The evening program in the Carrier Dome will begin at 6:30 p.m. and is free and open to the public. Tickets for the dinner, which precedes the program at 5:30 p.m., are sold out. For more information, call Hendricks Chapel at 443-5044.

As part of this year’s University-wide events, an exhibit honoring King will be on display in the Panasci Lounge in the Hildegarde and J. Myer Schine Student Center from Jan. 19-28 during regular building hours. Presented by Toyota, the exhibit includes a timeline of the life and work of King and a scale model of the national memorial currently under construction in Washington, D.C.

At one time, the Nigerian regime imprisoned Abani for his writings. From turmoil came art; his breakthrough novel, “GraceLand,” is a moving portrait of a teenage Elvis impersonator, set against the backdrop of one of the world’s largest cities, Lagos.
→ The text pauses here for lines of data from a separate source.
lemma finite_ge_if_summable_on:
  fixes f :: "'a \<Rightarrow> real"
  assumes summable: "f summable_on UNIV" and nonneg: "\<And>x. 0 \<le> f x" and "0 < \<delta>"
  shows "finite {x. \<delta> \<le> f x}"
proof (rule ccontr)
  assume "infinite {x. \<delta> \<le> f x}"
  obtain n where n: "infsum f UNIV < of_nat n * \<delta>" using ex_less_of_nat_mult[OF \<open>0 < \<delta>\<close>] by blast
  obtain B where B: "finite B" "card B = n" "B \<subseteq> {x. \<delta> \<le> f x}"
    using infinite_arbitrarily_large[OF \<open>infinite _\<close>] by blast
  have "of_nat (card B) * \<delta> \<le> sum f B" by (rule sum_bounded_below) (use B in auto)
  also have "\<dots> \<le> infsum f UNIV" by (rule finite_sum_le_infsum[OF summable B(1)]) (auto simp: nonneg)
  finally show False using n B(2) by simp
qed

text \<open>A summable \<open>e\<close> lets the windows be chosen with negligible boundary terms.\<close>
lemma infsum_le_infsum_of_window_sums:
  fixes f g e :: "int \<Rightarrow> real"
  assumes window: "\<And>m n. m \<le> n \<Longrightarrow> (\<Sum>i=m..n. f i) \<le> e m + e n + (\<Sum>i=m..n. g i)"
    and f_nonneg: "\<And>i. 0 \<le> f i" and g_nonneg: "\<And>i. 0 \<le> g i" and e_nonneg: "\<And>i. 0 \<le> e i"
    and g_summable: "g summable_on UNIV" and e_summable: "e summable_on UNIV"
  shows "(\<Sum>\<^sub>\<infinity>i. f i) \<le> (\<Sum>\<^sub>\<infinity>i. g i)"
proof (cases "f summable_on UNIV")
  case False
  then show ?thesis using g_nonneg by (simp add: infsum_not_exists infsum_nonneg)
next
  case True
  show ?thesis
  proof (rule infsum_le_finite_sums[OF True])
    fix F :: "int set" assume "finite F"
    show "sum f F \<le> (\<Sum>\<^sub>\<infinity>i. g i)"
    proof (rule field_le_epsilon)
      fix \<epsilon> :: real assume "0 < \<epsilon>"
      define K where "K = insert 0 (F \<union> {i. \<epsilon> / 2 \<le> e i})"
      have K: "finite K"
        using \<open>finite F\<close> finite_ge_if_summable_on[OF e_summable e_nonneg, of "\<epsilon> / 2"] \<open>0 < \<epsilon>\<close>
        by (simp add: K_def)
      define m n where "m = Min K - 1" and "n = Max K + 1"
      have inside: "m < i \<and> i < n" if "i \<in> K" for i
        using Min_le[OF K that] Max_ge[OF K that] by (simp add: m_def n_def)
      have "m \<le> n" using inside[of 0] by (simp add: K_def)
      have "m \<notin> K" "n \<notin> K" using inside by blast+
      then have "e m < \<epsilon> / 2" "e n < \<epsilon> / 2" by (simp_all add: K_def not_le)
      moreover have "F \<subseteq> {m..n}" using inside by (fastforce simp: K_def)
      then have "sum f F \<le> (\<Sum>i=m..n. f i)" by (rule sum_mono2[rotated]) (simp_all add: f_nonneg)
      moreover have "(\<Sum>i=m..n. f i) \<le> e m + e n + (\<Sum>i=m..n. g i)" using \<open>m \<le> n\<close> by (rule window)
      moreover have "(\<Sum>i=m..n. g i) \<le> (\<Sum>\<^sub>\<infinity>i. g i)"
        by (rule finite_sum_le_infsum[OF g_summable]) (simp_all add: g_nonneg)
      ultimately show "sum f F \<le> (\<Sum>\<^sub>\<infinity>i. g i) + \<epsilon>" by linarith
    qed
  qed
qed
The book won the 2005 PEN Hemingway prize for fiction, was chosen as a “Today” Show Book Club pick and was short-listed for The Los Angeles Times Book Award, The Commonwealth Writers Prize and the IMPAC Dublin Literary Award. Abani is also the recipient of a PEN Freedom-to-Write Award.

Abani’s poetic novella, “Becoming Abigail” (Akashic Books, 2006), was chosen as a New York Times Editor’s Pick for 2006. His latest novel, “The Virgin of Flames” (Penguin Books, forthcoming), is set in a seedy area of Los Angeles and follows a haunted artist searching for his identity.

Abani is an associate professor of creative writing at the University of California-Riverside.